Booze

If you're from the UK, you might remember a bit of a hoo hah when they decided to relax 'licensing laws' – in plain English, the legal times you can buy and drink alcohol in public.

Some thought we would suddenly turn European and drink more slowly, while perhaps while sitting outside with a extra shot of joi de vivre.

Others thought Britain would become the 8th circle of hell, descending into a chaos of debauchery, violence and creating city centre no-go areas.

Britain's modern relationship with booze is soaked in binge-drinking, violence and the image of half naked dolts 'largin it' in Ibiza. So you can have some sympathy with those who thought that more drinking time would equal no violence.

But when the laws changed, hardly anything happened. Alcohol related crime barely moved an inch.

Because, time after time, in experiment after experiment (inluding one where half of people were given Vodka and half given tonic- but all thought they had stiff Vodka and tonics..and all displayed similar displays of drunken behaviour. Another got people of identical age and build to drink identical drinks and observed wildly different behaviour and levels of intoxication), the way that people behave when drunk is based on how society expects them to behave.

Now consider this, in 2003, a Home Office report stated that fighting while drunk was seen as 'an inevitable fact of life' by many.It's part of the culture for some cohorts in British society.

The problem of British behaviour when drunk,  is less to do with British drinking,  as British behaviour itself.

The root cause is the culture around drinking, not drinking.

Yet so much of the national conversation is around curbing alcohol consumption, rather than looking at the root causes of behaviour alcohol is linked with.

What can planner and brand folk in general learn from this? Just the usual.

Avoid bad research.

Avoid making the available facts fit your argument.

Don't get cause and effect in the wrong order. 

Learn to discern between symptoms and fundamental issues.

Try and look for cultural and societal issues rather than artifical 'brand issues'.
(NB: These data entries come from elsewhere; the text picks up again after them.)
lemma z_dominant_harmonic:
  assumes "degree p = n" "degree q < n"
  shows "z_dominant n (pa_harmonic p q)"
proof -
  have "coeff (coeff (pa_harmonic p q) k) j =
      (if k = 0 then coeff p j else 0) + (if j = 0 then cnj (coeff q k) else 0)" for j k
    by (cases k; cases j) (auto simp: pa_harmonic_def coeff_map_poly)
  moreover have "coeff p j \<noteq> 0 \<Longrightarrow> j \<le> n" "coeff q k \<noteq> 0 \<Longrightarrow> k < n" for j k
    using assms le_degree by force+
  moreover have "0 < n" "coeff p n \<noteq> 0"
    using assms by auto
  ultimately show ?thesis
    unfolding z_dominant_def by (auto split: if_splits simp: le_less)
qed

lemma finite_pairs_sum_less: "finite {(a, b). a + b < (n::nat)}"
  by (rule finite_subset[of _ "{..<n} \<times> {..<n}"]) auto

lemma pa_eval_z_dominant:
  assumes "z_dominant n A"
  shows "pa_eval A x = coeff (coeff A 0) n * x ^ n +
           (\<Sum>(j, k)\<in>{(j, k). j + k < n}. coeff (coeff A k) j * x ^ j * cnj x ^ k)"
proof -
  have "pa_eval A x = (\<Sum>(j, k)\<in>insert (n, 0) {(j, k). j + k < n}. coeff (coeff A k) j * x ^ j * cnj x ^ k)"
    using assms by (intro pa_eval_eq_sum) (auto simp: finite_pairs_sum_less z_dominant_def)
  then show ?thesis
    by (simp add: finite_pairs_sum_less)
qed

text \<open>A function on a subset \<open>S\<close> is represented by its extension by zero,
  \<open>\<lambda>x. indicator S x * f x\<close>, so that all spans live in the one vector space \<open>'a \<Rightarrow> 'k\<close>.\<close>

interpretation fun_space: vector_space "\<lambda>(c::'k::field) (f::'a \<Rightarrow> 'k) x. c * f x"
  by unfold_locales (auto simp: fun_eq_iff algebra_simps)

lemma sum_fun_apply: "(\<Sum>i\<in>I. f i) x = (\<Sum>i\<in>I. f i x)"
  by (induction I rule: infinite_finite_induct) auto

lemma card_le_card_if_indicators_in_span:
  fixes S :: "'a set" and B :: "('a \<Rightarrow> 'k::field) set"
  assumes "finite B" and span: "\<And>s. s \<in> S \<Longrightarrow> indicator {s} \<in> fun_space.span B"
  shows "card S \<le> card B"
proof (cases "finite S")
  case True
  let ?\<delta> = "\<lambda>s. indicator {s} :: 'a \<Rightarrow> 'k"
  have inj: "inj_on ?\<delta> S"
  proof (rule inj_onI)
    fix s t
    assume "?\<delta> s = ?\<delta> t"
    then have "?\<delta> s s = ?\<delta> t s" by simp
    then show "s = t" by (simp add: indicator_def split: if_splits)
  qed
  have "fun_space.independent (?\<delta> ` S)"
  proof (rule fun_space.independent_if_scalars_zero)
    show "finite (?\<delta> ` S)"
      using True by simp
    fix f g
    assume sum0: "(\<Sum>g\<in>?\<delta> ` S. (\<lambda>x. f g * g x)) = 0" and "g \<in> ?\<delta> ` S"
    then obtain s where s: "s \<in> S" "g = ?\<delta> s" by auto
    have "0 = (\<Sum>t\<in>S. f (?\<delta> t) * ?\<delta> t s)"
      using fun_cong[OF sum0, of s] by (simp add: sum.reindex[OF inj] sum_fun_apply)
    also have "\<dots> = f g"
      using s True by (simp add: indicator_def)
    finally show "f g = 0" ..
  qed
  then have "card (?\<delta> ` S) \<le> card B"
    using fun_space.independent_span_bound[OF \<open>finite B\<close>] span by blast
  then show ?thesis
    by (simp add: card_image[OF inj])
qed simp

lemma indicator_in_span_if_restricted_powers:
  fixes S :: "'k::field set"
  assumes "finite S" "s \<in> S"
    and powers: "\<And>i. (\<lambda>x. indicator S x * x ^ i) \<in> fun_space.span B"
  shows "indicator {s} \<in> fun_space.span B"
proof -
  define p where "p = (\<Prod>t\<in>S - {s}. [:- t, 1:])"
  have ps: "poly p s \<noteq> 0"
    using \<open>finite S\<close> by (simp add: p_def poly_prod)
  have "(\<lambda>x. indicator S x * poly p x) = (\<lambda>x. poly p s * indicator {s} x)"
  proof
    fix x
    have "poly p x = 0" if "x \<in> S - {s}"
      using \<open>finite S\<close> that by (auto simp: p_def poly_prod)
    then show "indicator S x * poly p x = poly p s * indicator {s} x"
      using \<open>s \<in> S\<close> by (cases "x \<in> S"; cases "x = s") auto
  qed
  moreover have "(\<lambda>x. indicator S x * poly p x) =
      (\<Sum>i\<le>degree p. (\<lambda>x. coeff p i * (indicator S x * x ^ i)))"
    by (rule ext) (simp add: poly_altdef sum_fun_apply sum_distrib_left algebra_simps)
  then have "(\<lambda>x. indicator S x * poly p x) \<in> fun_space.span B"
    using powers by (auto intro!: fun_space.span_sum fun_space.span_scale)
  ultimately have "(\<lambda>x. inverse (poly p s) * (poly p s * indicator {s} x)) \<in> fun_space.span B"
    by (metis fun_space.span_scale)
  then show ?thesis
    using ps by simp
qed
lemma tri_discr_observation_le:
  assumes x: "0 \<le> x" and y: "0 \<le> y" and e: "0 \<le> e" "e < 1/2"
  shows "tri_discr (x * (1/2 - e)) (y * (1/2 + e)) + tri_discr (x * (1/2 + e)) (y * (1/2 - e))
         \<le> tri_discr x y + 4 * e^2 * (x + y)"
proof (cases "x + y = 0")
  case True
  with x y have "x = 0" "y = 0" by auto
  then show ?thesis by (simp add: tri_discr_def)
next
  case False
  define u where "u = x + y"
  define d where "d = x - y"
  define X1 where "X1 = x * (1/2 - e) - y * (1/2 + e)"
  define X2 where "X2 = x * (1/2 + e) - y * (1/2 - e)"
  define Y1 where "Y1 = x * (1/2 - e) + y * (1/2 + e)"
  define Y2 where "Y2 = x * (1/2 + e) + y * (1/2 - e)"
  have u: "u > 0" using False x y by (simp add: u_def)
  have "\<bar>e * d\<bar> < u / 2"
  proof -
    have "\<bar>e * d\<bar> \<le> e * u"
      using e x y by (simp add: abs_mult d_def u_def mult_left_mono)
    also have "\<dots> < u / 2" using e u by simp
    finally show ?thesis .
  qed
  moreover have "Y1 = u / 2 - e * d" "Y2 = u / 2 + e * d"
    by (simp_all add: Y1_def Y2_def u_def d_def algebra_simps)
  ultimately have Y: "Y1 > 0" "Y2 > 0" by linarith+
  have "(2 * e)^2 < 1^2"
    using e by (intro power_strict_mono) auto
  then have "4 * e^2 < 1" by (simp add: power_mult_distrib)
  then have "0 \<le> e^2 * d^2 * (4 * x * y + u^2 * (1 - 4 * e^2))"
    using x y by (intro mult_nonneg_nonneg add_nonneg_nonneg) auto
  moreover have "(d^2 + 4 * e^2 * u^2) * Y1 * Y2 - u * (X1^2 * Y2 + X2^2 * Y1)
      = e^2 * d^2 * (4 * x * y + u^2 * (1 - 4 * e^2))"
    unfolding u_def d_def Y1_def Y2_def X1_def X2_def by algebra
  ultimately have key: "u * (X1^2 * Y2 + X2^2 * Y1) \<le> (d^2 + 4 * e^2 * u^2) * Y1 * Y2"
    by linarith
  have "tri_discr (x * (1/2 - e)) (y * (1/2 + e)) + tri_discr (x * (1/2 + e)) (y * (1/2 - e))
      = X1^2 / Y1 + X2^2 / Y2"
    by (simp add: tri_discr_def X1_def X2_def Y1_def Y2_def)
  also have "\<dots> = (u * (X1^2 * Y2 + X2^2 * Y1)) / (u * Y1 * Y2)"
    using u Y by (simp add: field_simps)
  also have "\<dots> \<le> ((d^2 + 4 * e^2 * u^2) * Y1 * Y2) / (u * Y1 * Y2)"
    using key u Y by (intro divide_right_mono) auto
  also have "\<dots> = d^2 / u + 4 * e^2 * u"
    using u Y by (simp add: field_simps power2_eq_square)
  also have "\<dots> = tri_discr x y + 4 * e^2 * (x + y)"
    by (simp add: tri_discr_def u_def d_def)
  finally show ?thesis .
qed
(* There exist an environment $E$ and a total preorder $\succeq$ on $\Pi^E$ such that $\succeq\in\mathrm{Ord}_{\mathrm{LAR}}(E)$ but $\succeq\notin\mathrm{Ord}_{\mathrm{RRL}}(E)$.
   Context: An environment is a tuple $E=(\mathcal S,\mathcal A,\mathcal T,\mathcal I)$ where $\mathcal S,\mathcal A$ are finite nonempty sets, $\mathcal T:\mathcal S\times\mathcal A\to\Delta(\mathcal S)$ and $\mathcal I\in\Delta(\mathcal S)$. A policy is a map $\pi:\mathcal S\to\Delta(\mathcal A)$ (stationary, possibly stochastic); $\Pi^E$ denotes the set of all policies. A trajectory $\xi=(s_0,a_0,s_1,a_1,\dots)$ is generated under $\pi$ by $s_0\sim\mathcal I$, $a_t\sim\pi(s_t)$, $s_{t+1}\sim\mathcal T(s_t,a_t)$; $\mathbb E^\pi_\xi$ denotes expectation under this distribution. An objective-specification formalism $X$ assigns to each environment $E$ a set of objective specifications, each inducing a total preorder $\succeq$ on $\Pi^E$; $\mathrm{Ord}_X(E)$ is the set of total preorders so induced. A specification defining a scalar $J:\Pi^E\to\mathbb R$ induces $\pi_1\succeq\pi_2\iff J(\pi_1)\ge J(\pi_2)$. LAR: specification $(\mathcal R)$, $\mathcal R:\mathcal S\times\mathcal A\times\mathcal S\to\mathbb R$, $J(\pi)=\lim_{N\to\infty}\frac1N\mathbb E^\pi_\xi[\sum_{t=0}^{N-1}\mathcal R(s_t,a_t,s_{t+1})]$. RRL: specification $(\mathcal R,\alpha,F,\gamma)$ with $\mathcal R:\mathcal S\times\mathcal A\times\mathcal S\to\mathbb R$, $\alpha\in\mathbb R$, $F:\Delta(\mathcal A)\to\mathbb R$, $\gamma\in[0,1)$; $J(\pi)=\mathbb E^\pi_\xi[\sum_{t=0}^\infty\gamma^t(\mathcal R(s_t,a_t,s_{t+1})-\alpha F(\pi(s_t)))]$. *)

theory Defs
  imports "HOL-Probability.Probability_Mass_Function"
begin

record env =
  St :: "nat set"
  Ac :: "nat set"
  Tr :: "nat \<Rightarrow> nat \<Rightarrow> nat pmf"
  Init :: "nat pmf"

definition is_env :: "env \<Rightarrow> bool" where
  "is_env E \<longleftrightarrow> finite (St E) \<and> St E \<noteq> {} \<and> finite (Ac E) \<and> Ac E \<noteq> {}
     \<and> (\<forall>s\<in>St E. \<forall>a\<in>Ac E. set_pmf (Tr E s a) \<subseteq> St E)
     \<and> set_pmf (Init E) \<subseteq> St E"

definition policies :: "env \<Rightarrow> (nat \<Rightarrow> nat pmf) set" where
  "policies E = {\<pi>. (\<forall>s\<in>St E. set_pmf (\<pi> s) \<subseteq> Ac E)
                    \<and> (\<forall>s. s \<notin> St E \<longrightarrow> \<pi> s = return_pmf undefined)}"

primrec state_dist :: "env \<Rightarrow> (nat \<Rightarrow> nat pmf) \<Rightarrow> nat \<Rightarrow> nat pmf" where
  "state_dist E \<pi> 0 = Init E"
| "state_dist E \<pi> (Suc t) =
     bind_pmf (state_dist E \<pi> t) (\<lambda>s. bind_pmf (\<pi> s) (\<lambda>a. Tr E s a))"

definition step_dist :: "env \<Rightarrow> (nat \<Rightarrow> nat pmf) \<Rightarrow> nat \<Rightarrow> (nat \<times> nat \<times> nat) pmf" where
  "step_dist E \<pi> t = bind_pmf (state_dist E \<pi> t)
     (\<lambda>s. bind_pmf (\<pi> s) (\<lambda>a. map_pmf (\<lambda>s'. (s, a, s')) (Tr E s a)))"

text \<open>LAR objective (expectation of the finite sum written as the sum of expectations).\<close>
definition LAR_J :: "env \<Rightarrow> (nat \<Rightarrow> nat \<Rightarrow> nat \<Rightarrow> real) \<Rightarrow> (nat \<Rightarrow> nat pmf) \<Rightarrow> real" where
  "LAR_J E R \<pi> = lim (\<lambda>N. (1 / real N) *
      (\<Sum>t<N. measure_pmf.expectation (step_dist E \<pi> t) (\<lambda>(s, a, s'). R s a s')))"

text \<open>RRL objective (expectation of the discounted series written as the series of expectations).\<close>
definition RRL_J :: "env \<Rightarrow> (nat \<Rightarrow> nat \<Rightarrow> nat \<Rightarrow> real) \<Rightarrow> real \<Rightarrow> (nat pmf \<Rightarrow> real) \<Rightarrow> real
                      \<Rightarrow> (nat \<Rightarrow> nat pmf) \<Rightarrow> real" where
  "RRL_J E R \<alpha> F \<gamma> \<pi> = (\<Sum>t. \<gamma> ^ t * measure_pmf.expectation (step_dist E \<pi> t)
      (\<lambda>(s, a, s'). R s a s' - \<alpha> * F (\<pi> s)))"

definition induced_order :: "'p set \<Rightarrow> ('p \<Rightarrow> real) \<Rightarrow> ('p \<times> 'p) set" where
  "induced_order P J = {(p1, p2). p1 \<in> P \<and> p2 \<in> P \<and> J p1 \<ge> J p2}"

definition Ord_LAR :: "env \<Rightarrow> ((nat \<Rightarrow> nat pmf) \<times> (nat \<Rightarrow> nat pmf)) set set" where
  "Ord_LAR E = {induced_order (policies E) (LAR_J E R) | R. True}"

definition Ord_RRL :: "env \<Rightarrow> ((nat \<Rightarrow> nat pmf) \<times> (nat \<Rightarrow> nat pmf)) set set" where
  "Ord_RRL E = {induced_order (policies E) (RRL_J E R \<alpha> F \<gamma>) | R \<alpha> F \<gamma>. 0 \<le> \<gamma> \<and> \<gamma> < 1}"

end

theory Submission
  imports Defs
begin

text \<open>Take states 0, 1, 2 with 2 absorbing, where action 0 in state 0 detours through state 1
  and every other move leads to 2. The LAR reward paying 1 for action 1 in state 2 sees only the
  action y taken in state 2, not the choice x in state 0 that decides whether state 2 is reached
  at time 1 or 2. Under any discounted objective, switching y from 0 to 1 shifts the value by
  \<open>\<gamma>\<^sup>k D / (1 - \<gamma>)\<close>, where k is that arrival time and D does not depend on x.
  Indifference in x forces \<open>\<gamma> D = \<gamma>\<^sup>2 D\<close>, strict preference for y = 1 forces
  \<open>\<gamma> D > 0\<close>, hence \<open>\<gamma> = 1\<close>.\<close>

lemma preorder_on_induced_order: "preorder_on P (induced_order P J)"
  by (auto simp: preorder_on_def refl_on_def trans_def induced_order_def)

lemma total_on_induced_order: "total_on P (induced_order P J)"
  by (auto simp: total_on_def induced_order_def)

lemma induced_order_eqD:
  assumes "induced_order P J1 = induced_order P J2" "p \<in> P" "q \<in> P"
  shows "J1 p \<ge> J1 q \<longleftrightarrow> J2 p \<ge> J2 q"
  using assms by (auto simp: induced_order_def set_eq_iff)

lemma cesaro_mean_eventually_const:
  fixes e :: "nat \<Rightarrow> real"
  assumes "\<And>t. t \<ge> k \<Longrightarrow> e t = c"
  shows "(\<lambda>N. (1 / real N) * (\<Sum>t<N. e t)) \<longlonglongrightarrow> c"
proof -
  define S where "S = (\<Sum>t<k. e t) - real k * c"
  have "(\<Sum>t<N. e t) = S + real N * c" if "k \<le> N" for N
  proof -
    have "(\<Sum>t<N. e t) = (\<Sum>t<k. e t) + (\<Sum>t\<in>{k..<N}. e t)"
      using that by (metis atLeast0LessThan le0 sum.atLeastLessThan_concat)
    also have "(\<Sum>t\<in>{k..<N}. e t) = real (N - k) * c"
      using assms by simp
    finally show ?thesis
      using that by (simp add: S_def algebra_simps)
  qed
  then have "\<forall>\<^sub>F N in sequentially. S / real N + c = (1 / real N) * (\<Sum>t<N. e t)"
    by (auto simp: eventually_sequentially field_simps intro!: exI[of _ "Suc k"])
  moreover have "(\<lambda>N. S / real N + c) \<longlonglongrightarrow> 0 + c"
    by (intro tendsto_add tendsto_const tendsto_divide_0[OF tendsto_const]
        filterlim_at_top_imp_at_infinity[OF filterlim_real_sequentially])
  ultimately show ?thesis
    using Lim_transform_eventually by fastforce
qed

lemma discounted_sums_eventually_const:
  fixes e :: "nat \<Rightarrow> real"
  assumes "\<bar>\<gamma>\<bar> < 1" "\<And>t. t \<ge> k \<Longrightarrow> e t = c"
  shows "(\<lambda>t. \<gamma> ^ t * e t) sums ((\<Sum>t<k. \<gamma> ^ t * e t) + \<gamma> ^ k * c / (1 - \<gamma>))"
proof -
  have "(\<lambda>t. \<gamma> ^ k * c * \<gamma> ^ t) sums (\<gamma> ^ k * c * (1 / (1 - \<gamma>)))"
    using assms(1) by (intro sums_mult geometric_sums) simp
  moreover have "\<gamma> ^ (t + k) * e (t + k) = \<gamma> ^ k * c * \<gamma> ^ t" for t
    using assms(2) by (simp add: power_add)
  ultimately show ?thesis
    by (subst add.commute) (simp add: sums_iff_shift[symmetric])
qed

definition detour_env :: env where
  "detour_env = \<lparr>St = {0, 1, 2}, Ac = {0, 1},
     Tr = (\<lambda>s a. return_pmf (if s = 0 \<and> a = 0 then 1 else 2)),
     Init = return_pmf 0\<rparr>"

definition detour_action :: "nat \<Rightarrow> nat \<Rightarrow> nat \<Rightarrow> nat" where
  "detour_action x y s = (if s = 0 then x else if s = 2 then y else 0)"

definition detour_policy :: "nat \<Rightarrow> nat \<Rightarrow> nat \<Rightarrow> nat pmf" where
  "detour_policy x y s =
     (if s \<in> {0, 1, 2} then return_pmf (detour_action x y s) else return_pmf undefined)"

definition detour_arrival :: "nat \<Rightarrow> nat" where
  "detour_arrival x = (if x = 0 then 2 else 1)"

definition detour_state :: "nat \<Rightarrow> nat \<Rightarrow> nat" where
  "detour_state x t = (if t = 0 then 0 else if t < detour_arrival x then 1 else 2)"

lemma detour_state_eq_2_iff: "detour_state x t = 2 \<longleftrightarrow> detour_arrival x \<le> t"
  by (auto simp: detour_state_def detour_arrival_def)

lemma detour_state_after_arrival: "detour_arrival x \<le> t \<Longrightarrow> detour_state x t = 2"
  by (simp add: detour_state_eq_2_iff)

lemma is_env_detour_env: "is_env detour_env"
  by (auto simp: is_env_def detour_env_def)

lemma detour_policy_in_policies:
  "x \<in> {0, 1} \<Longrightarrow> y \<in> {0, 1} \<Longrightarrow> detour_policy x y \<in> policies detour_env"
  by (auto simp: policies_def detour_policy_def detour_action_def detour_env_def)

lemma state_dist_detour:
  "state_dist detour_env (detour_policy x y) t = return_pmf (detour_state x t)"
  by (induction t)
    (auto simp: detour_env_def detour_state_def detour_policy_def detour_action_def detour_arrival_def
      bind_return_pmf)

lemma step_dist_detour:
  "step_dist detour_env (detour_policy x y) t =
     return_pmf (detour_state x t, detour_action x y (detour_state x t), detour_state x (Suc t))"
  unfolding step_dist_def state_dist_detour
  by (auto simp: detour_env_def detour_state_def detour_policy_def detour_action_def
      detour_arrival_def map_pmf_def bind_return_pmf)

definition lar_reward :: "nat \<Rightarrow> nat \<Rightarrow> nat \<Rightarrow> real" where
  "lar_reward s a s' = of_bool (s = 2 \<and> a = 1)"

lemma LAR_J_detour: "LAR_J detour_env lar_reward (detour_policy x y) = of_bool (y = 1)"
  unfolding LAR_J_def step_dist_detour
  by (intro limI cesaro_mean_eventually_const[where k = "detour_arrival x"])
    (simp add: lar_reward_def detour_state_after_arrival detour_action_def)

lemma RRL_J_detour_diff:
  fixes R :: "nat \<Rightarrow> nat \<Rightarrow> nat \<Rightarrow> real" and \<alpha> \<gamma> :: real and F :: "nat pmf \<Rightarrow> real"
  assumes "0 \<le> \<gamma>" "\<gamma> < 1"
  defines "W y \<equiv> R 2 y 2 - \<alpha> * F (return_pmf y)"
  shows "RRL_J detour_env R \<alpha> F \<gamma> (detour_policy x 1) - RRL_J detour_env R \<alpha> F \<gamma> (detour_policy x 0)
           = \<gamma> ^ detour_arrival x * (W 1 - W 0) / (1 - \<gamma>)"
proof -
  define e where "e y t =
    R (detour_state x t) (detour_action x y (detour_state x t)) (detour_state x (Suc t))
      - \<alpha> * F (detour_policy x y (detour_state x t))" for y t
  have J: "RRL_J detour_env R \<alpha> F \<gamma> (detour_policy x y)
             = (\<Sum>t<detour_arrival x. \<gamma> ^ t * e y t) + \<gamma> ^ detour_arrival x * W y / (1 - \<gamma>)" for y
  proof -
    have "(\<lambda>t. \<gamma> ^ t * e y t) sums ((\<Sum>t<detour_arrival x. \<gamma> ^ t * e y t) + \<gamma> ^ detour_arrival x * W y / (1 - \<gamma>))"
      using assms(1,2)
      by (intro discounted_sums_eventually_const)
        (simp_all add: e_def W_def detour_state_after_arrival detour_policy_def detour_action_def)
    then show ?thesis
      by (simp add: RRL_J_def step_dist_detour e_def sums_iff)
  qed
  have "e 1 t = e 0 t" if "t < detour_arrival x" for t
    using that by (auto simp: e_def detour_state_eq_2_iff detour_policy_def detour_action_def)
  then show ?thesis
    by (simp add: J diff_divide_distrib algebra_simps)
qed

lemma LAR_order_detour_not_in_Ord_RRL:
  "induced_order (policies detour_env) (LAR_J detour_env lar_reward) \<notin> Ord_RRL detour_env"
proof
  assume "induced_order (policies detour_env) (LAR_J detour_env lar_reward) \<in> Ord_RRL detour_env"
  then obtain R \<alpha> F and \<gamma> :: real where \<gamma>: "0 \<le> \<gamma>" "\<gamma> < 1" and same_order:
      "induced_order (policies detour_env) (LAR_J detour_env lar_reward)
         = induced_order (policies detour_env) (RRL_J detour_env R \<alpha> F \<gamma>)"
    by (auto simp: Ord_RRL_def)
  define J where "J x y = RRL_J detour_env R \<alpha> F \<gamma> (detour_policy x y)" for x y
  define D where "D = (R 2 1 2 - \<alpha> * F (return_pmf 1)) - (R 2 0 2 - \<alpha> * F (return_pmf 0))"
  have agree: "(of_bool (y = 1) :: real) \<ge> of_bool (y' = 1) \<longleftrightarrow> J x y \<ge> J x' y'"
    if "x \<in> {0, 1}" "y \<in> {0, 1}" "x' \<in> {0, 1}" "y' \<in> {0, 1}" for x y x' y'
    using induced_order_eqD[OF same_order detour_policy_in_policies[of x y] detour_policy_in_policies[of x' y']]
      that
    by (simp add: J_def LAR_J_detour)
  have diff: "J x 1 - J x 0 = \<gamma> ^ detour_arrival x * D / (1 - \<gamma>)" for x
    using RRL_J_detour_diff[OF \<gamma>] by (simp add: J_def D_def)
  have "J 1 1 = J 0 1" "J 1 0 = J 0 0" "J 1 0 < J 1 1"
    using agree[of 1 1 0 1] agree[of 0 1 1 1] agree[of 1 0 0 0] agree[of 0 0 1 0] agree[of 1 0 1 1]
    by auto
  moreover have "J 1 1 - J 1 0 = \<gamma> * D / (1 - \<gamma>)" "J 0 1 - J 0 0 = \<gamma>\<^sup>2 * D / (1 - \<gamma>)"
    using diff[of 1] diff[of 0] by (simp_all add: detour_arrival_def)
  ultimately have "\<gamma> * D / (1 - \<gamma>) = \<gamma>\<^sup>2 * D / (1 - \<gamma>)" "\<gamma> * D / (1 - \<gamma>) > 0"
    by linarith+
  then have "\<gamma> * D = \<gamma>\<^sup>2 * D" "\<gamma> * D > 0"
    using \<gamma> by (simp_all add: zero_less_divide_iff)
  then have "\<gamma> = 1"
    by (auto simp: power2_eq_square)
  with \<gamma> show False
    by simp
qed

theorem mainTheorem19:
  shows "\<exists>E r. is_env E \<and> preorder_on (policies E) r \<and> total_on (policies E) r
            \<and> r \<in> Ord_LAR E \<and> r \<notin> Ord_RRL E"
proof (intro exI conjI)
  show "is_env detour_env"
    by (rule is_env_detour_env)
  show "induced_order (policies detour_env) (LAR_J detour_env lar_reward) \<in> Ord_LAR detour_env"
    by (auto simp: Ord_LAR_def)
qed (rule preorder_on_induced_order total_on_induced_order LAR_order_detour_not_in_Ord_RRL)+

end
This is heavilly borrowed from Mark Easton's excellent Britain etc. Which is the final thing we can, don't read books about marketing and planning. Read books about how culture, people and the endless quest to understand how and why people behave as they do.

Posted in ,

2 responses to “What the British and booze can teach planners”

  1. Jocelyn Avatar

    “Joie de vivre” 🙂
    I totally agree your point about our culture and our social behaviors. I’m French and I’ve recently moved in Canada (Toronto) after a 3 month road trip in US.
    Our ways (in France) to go out, hang out, get party and so get drunk is deeply different. Of course, the alcohol price is repellent here.
    But it’s the whole things which is different. Our relation with friends, with home, with the city, with public transportations, with bars and clubs. When you travel as a young people, the difference between the way to get party is one of the first difference you notice. How they start earlier, they drink in different way, in different place…
    Society tends to think alcohol price involves fast drinking (probably because it’s easy to make it relevant for people). But it’s deeply false.

    Like

  2. Philippa Avatar

    Yes – I remember reading something about how if you believe alcohol makes you aggressive, you are in fact more likely to be aggressive on alcohol. It’s a self fulfilling prophecy.